Fernández-de Gortari Eli, García-Jacas César R, Martinez-Mayorga Karina, Medina-Franco José L
Departamento de Farmacia, Facultad de Química, Universidad Nacional Autónoma de México, Avenida Universidad 3000, 04510 Mexico City, Mexico.
Instituto de Química, Universidad Nacional Autónoma de México, Avenida Universidad 3000, 04510 Mexico City, Mexico.
J Cheminform. 2017 Feb 6;9:9. doi: 10.1186/s13321-017-0195-1. eCollection 2017.
Molecular fingerprints are widely used in several areas of chemoinformatics including diversity analysis and similarity searching. The fingerprint-based analysis of chemical libraries, in particular of large collections, usually requires the molecular representation of each compound in the library that may lead to issues of storage space and redundant calculations. In fact, information redundancy is inherent to the data, resulting on binary digit positions in the fingerprint without significant information.

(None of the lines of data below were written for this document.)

lemma utility_example_profile_rotated:
  assumes "0 < d" "2 \<le> n" "p < n"
  shows "utility s (example_profile n d \<circ> rotate_agents n) (\<lambda>_. d) p
      = block_score s d (if p < n - 1 then 0 else 1)"
proof -
  let ?\<sigma> = "\<lambda>q. example_order n (rotate_agents n q)" and ?c = "\<lambda>q. if q < n - 1 then 0 else 1"
  have inj: "inj_on (?\<sigma> q) {..<n}" if "q < n" for q
    using that bij_betw_imp_inj_on[OF example_order_bij[OF assms(2)]] by (auto simp: rotate_agents_def)
  have "?c q < n \<and> ?\<sigma> q (?c q) = q \<and> (\<forall>c'<?c q. ?\<sigma> q c' < q)" if "q < n" for q
    using that assms(2) by (cases "q < n - 1") (auto simp: example_order_def rotate_agents_def)
  then show ?thesis
    using utility_block_rankings[where \<sigma> = ?\<sigma> and c = ?c, OF assms(1) _ inj] assms(3)
    by (simp add: example_profile_def)
qed

section \<open>Bounds on the price\<close>

lemma is_profile_comp_permutes:
  assumes "is_profile n m P" "\<pi> permutes {..<n}"
  shows "is_profile n m (P \<circ> \<pi>)"
  using assms permutes_in_image[OF assms(2)] unfolding is_profile_def by auto
text \<open>Disjoint union of K_{n_1,n_1},...,K_{n_j,n_j}: both sides are
{(i,a). i < j, a < n_i}; the block of a vertex is its first component.\<close>
definition blocks :: "nat list \<Rightarrow> (nat \<times> nat) set" where
  "blocks ns = {(i, a). i < length ns \<and> a < ns ! i}"

definition blk :: "(nat \<times> nat) + (nat \<times> nat) \<Rightarrow> nat" where
  "blk v = (case v of Inl x \<Rightarrow> fst x | Inr y \<Rightarrow> fst y)"

definition inhom_coverings :: "nat \<Rightarrow> nat list \<Rightarrow> ((nat \<times> nat) \<times> (nat \<times> nat)) set set set" where
  "inhom_coverings t ns = {F \<in> path_coverings t (blocks ns) (blocks ns).
      \<forall>P\<in>F. \<not> (\<exists>i. \<forall>v\<in>pverts P. blk v = i)}"

end

theory Submission
  imports Defs "HOL-Library.FuncSet"
begin

(* Write k = (t+1)/2 and N = n_1 + ... + n_j; let V be the vertex set of each side of
   K_{V,V}, the disjoint union of the blocks K_{n_i,n_i}.  A family of disjoint t-paths in K_{V,V}
   all of whose paths lie inside single blocks ("homogeneous" family) is the same thing as a tuple
   of families, one in each block.  Hence the product of the L_{n_i} expands as
     prod_i L_{n_i} = sum over homogeneous families F of (-1)^|F| x^(N - k|F|).
   Each t-path uses exactly k vertices on each side, and the number of coverings of K_{m,m} depends
   only on m, so mu_{N - k|F|} counts the coverings of the vertices of K_{V,V} left uncovered by F.
   Applying the functional gives sum_F (-1)^|F| #(coverings extending F), i.e. a sum over pairs
   (H, F) with H a covering and F a set of homogeneous paths of H; the inner alternating sum over F
   vanishes unless H has no homogeneous path, leaving the number of inhomogeneous coverings. *)

section \<open>t-paths as alternating vertex lists\<close>

definition alternating :: "('a + 'b) list \<Rightarrow> bool" where
  "alternating vs \<longleftrightarrow> (\<forall>i. i + 1 < length vs \<longrightarrow> isl (vs ! i) \<noteq> isl (vs ! (i + 1)))"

Herein is proposed a general approach to represent an entire compound library with a single binary fingerprint. The development of the database fingerprint (DFP) is illustrated first using a short fingerprint (MACCS keys) for 10 data sets of general interest in chemistry. The application of the DFP is further shown with PubChem fingerprints for the data sets used in the primary example but with a larger number of compounds, up to 25,000 molecules. The performance of DFP were studied through differential Shannon entropy, k-mean clustering, and DFP/Tanimoto similarity.
The DFP is designed to capture key information of the compound collection and can be used to compare and assess the diversity of molecular libraries. This Preliminary Communication shows the potential of the novel fingerprint to conduct inter-library relationships. A major future goal is to apply the DFP for virtual screening and developing DFP for other data sets based on several different type of fingerprints.Graphical AbstractDatabase fingerprint captures the key information of molecular databases to perform chemical space characterization and virtual screening.
分子指纹在化学信息学的多个领域广泛应用,包括多样性分析和相似性搜索。基于指纹对化学库(尤其是大型库)进行分析时,通常需要库中每个化合物的分子表示形式,这可能会导致存储空间和冗余计算问题。实际上,信息冗余是数据固有的,导致指纹中的二进制数字位置没有重要信息。
本文提出了一种用单个二进制指纹表示整个化合物库的通用方法。首先使用短指纹(MACCS键)对10个化学领域普遍关注的数据集说明数据库指纹(DFP)的开发。对于主要示例中使用的数据集,但化合物数量更多(多达25000个分子),进一步展示了DFP与PubChem指纹的应用。通过差分香农熵、k均值聚类和DFP/Tanimoto相似性研究了DFP的性能。
DFP旨在捕获化合物集合的关键信息,可用于比较和评估分子库的多样性。本初步通讯展示了这种新型指纹在建立库间关系方面的潜力。未来的一个主要目标是将DFP应用于虚拟筛选,并基于几种不同类型的指纹为其他数据集开发DFP。
数据库指纹捕获分子数据库的关键信息以进行化学空间表征和虚拟筛选。